Stored data:
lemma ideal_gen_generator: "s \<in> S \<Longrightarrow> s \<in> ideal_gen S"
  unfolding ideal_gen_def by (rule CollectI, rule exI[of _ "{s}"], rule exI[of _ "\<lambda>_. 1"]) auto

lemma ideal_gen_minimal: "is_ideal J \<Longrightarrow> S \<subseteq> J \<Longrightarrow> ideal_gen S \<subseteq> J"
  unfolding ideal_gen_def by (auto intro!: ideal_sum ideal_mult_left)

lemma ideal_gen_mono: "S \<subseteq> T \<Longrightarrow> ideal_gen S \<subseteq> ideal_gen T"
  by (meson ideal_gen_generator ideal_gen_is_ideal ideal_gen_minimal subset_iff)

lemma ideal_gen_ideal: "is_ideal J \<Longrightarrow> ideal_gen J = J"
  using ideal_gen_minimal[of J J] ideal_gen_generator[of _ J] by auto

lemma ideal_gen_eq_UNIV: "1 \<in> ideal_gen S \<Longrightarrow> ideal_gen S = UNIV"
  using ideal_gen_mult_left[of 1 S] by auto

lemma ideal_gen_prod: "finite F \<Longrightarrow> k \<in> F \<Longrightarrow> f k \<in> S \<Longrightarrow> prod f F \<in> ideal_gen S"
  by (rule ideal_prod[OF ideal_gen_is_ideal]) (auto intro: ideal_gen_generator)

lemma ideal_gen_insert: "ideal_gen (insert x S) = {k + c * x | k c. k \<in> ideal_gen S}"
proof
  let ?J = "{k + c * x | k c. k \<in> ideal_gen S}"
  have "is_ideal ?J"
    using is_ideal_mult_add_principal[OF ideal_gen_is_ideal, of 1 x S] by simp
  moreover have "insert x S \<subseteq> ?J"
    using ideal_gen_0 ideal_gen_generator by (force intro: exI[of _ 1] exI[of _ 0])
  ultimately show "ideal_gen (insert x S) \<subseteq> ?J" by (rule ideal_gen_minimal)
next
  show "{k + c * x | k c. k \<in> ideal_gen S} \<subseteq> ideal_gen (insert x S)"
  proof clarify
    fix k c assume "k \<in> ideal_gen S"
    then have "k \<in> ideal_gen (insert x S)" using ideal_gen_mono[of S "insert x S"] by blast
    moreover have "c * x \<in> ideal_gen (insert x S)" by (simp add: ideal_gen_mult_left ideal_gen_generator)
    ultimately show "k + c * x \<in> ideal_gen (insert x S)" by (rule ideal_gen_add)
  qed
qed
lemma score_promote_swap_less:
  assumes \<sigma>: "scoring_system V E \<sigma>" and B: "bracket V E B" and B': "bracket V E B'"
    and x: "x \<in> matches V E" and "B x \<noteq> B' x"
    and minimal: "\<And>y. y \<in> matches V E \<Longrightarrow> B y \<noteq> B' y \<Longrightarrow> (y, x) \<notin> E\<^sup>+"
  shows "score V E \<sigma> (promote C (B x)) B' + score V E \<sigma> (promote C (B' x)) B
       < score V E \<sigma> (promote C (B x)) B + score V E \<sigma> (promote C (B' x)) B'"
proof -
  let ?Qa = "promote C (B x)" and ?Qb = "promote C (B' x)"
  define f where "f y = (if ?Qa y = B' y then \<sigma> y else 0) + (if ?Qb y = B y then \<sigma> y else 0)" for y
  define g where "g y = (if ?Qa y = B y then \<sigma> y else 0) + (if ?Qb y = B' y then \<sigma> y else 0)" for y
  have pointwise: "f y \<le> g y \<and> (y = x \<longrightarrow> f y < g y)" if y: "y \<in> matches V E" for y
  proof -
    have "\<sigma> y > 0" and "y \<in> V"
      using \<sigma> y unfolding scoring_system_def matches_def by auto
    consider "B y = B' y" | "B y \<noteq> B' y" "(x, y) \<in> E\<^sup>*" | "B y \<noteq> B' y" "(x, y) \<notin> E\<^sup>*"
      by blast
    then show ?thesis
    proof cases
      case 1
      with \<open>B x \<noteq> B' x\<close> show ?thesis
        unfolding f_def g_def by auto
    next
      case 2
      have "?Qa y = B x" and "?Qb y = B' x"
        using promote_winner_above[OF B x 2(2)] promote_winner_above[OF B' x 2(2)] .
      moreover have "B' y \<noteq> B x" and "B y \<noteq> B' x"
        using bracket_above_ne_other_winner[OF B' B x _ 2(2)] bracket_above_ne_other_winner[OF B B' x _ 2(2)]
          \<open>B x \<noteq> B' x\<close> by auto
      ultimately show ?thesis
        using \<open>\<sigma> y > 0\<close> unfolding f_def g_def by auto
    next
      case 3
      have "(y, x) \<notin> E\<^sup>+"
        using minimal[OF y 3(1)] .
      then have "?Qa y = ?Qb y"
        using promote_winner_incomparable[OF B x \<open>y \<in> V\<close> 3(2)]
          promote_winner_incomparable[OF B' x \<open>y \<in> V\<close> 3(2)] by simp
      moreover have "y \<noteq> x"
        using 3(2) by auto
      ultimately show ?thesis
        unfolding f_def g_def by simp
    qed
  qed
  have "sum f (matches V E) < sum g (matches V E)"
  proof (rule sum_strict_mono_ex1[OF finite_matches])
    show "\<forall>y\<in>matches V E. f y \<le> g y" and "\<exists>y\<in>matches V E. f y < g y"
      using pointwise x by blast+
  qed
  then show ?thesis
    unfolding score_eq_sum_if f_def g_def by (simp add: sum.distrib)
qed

▶ [Directions] Among the lines above, find those holding "thesis" and copy each one.

▶ [Exercise solution]
    then show ?thesis
      with \<open>B x \<noteq> B' x\<close> show ?thesis
      ultimately show ?thesis
      ultimately show ?thesis
  then show ?thesis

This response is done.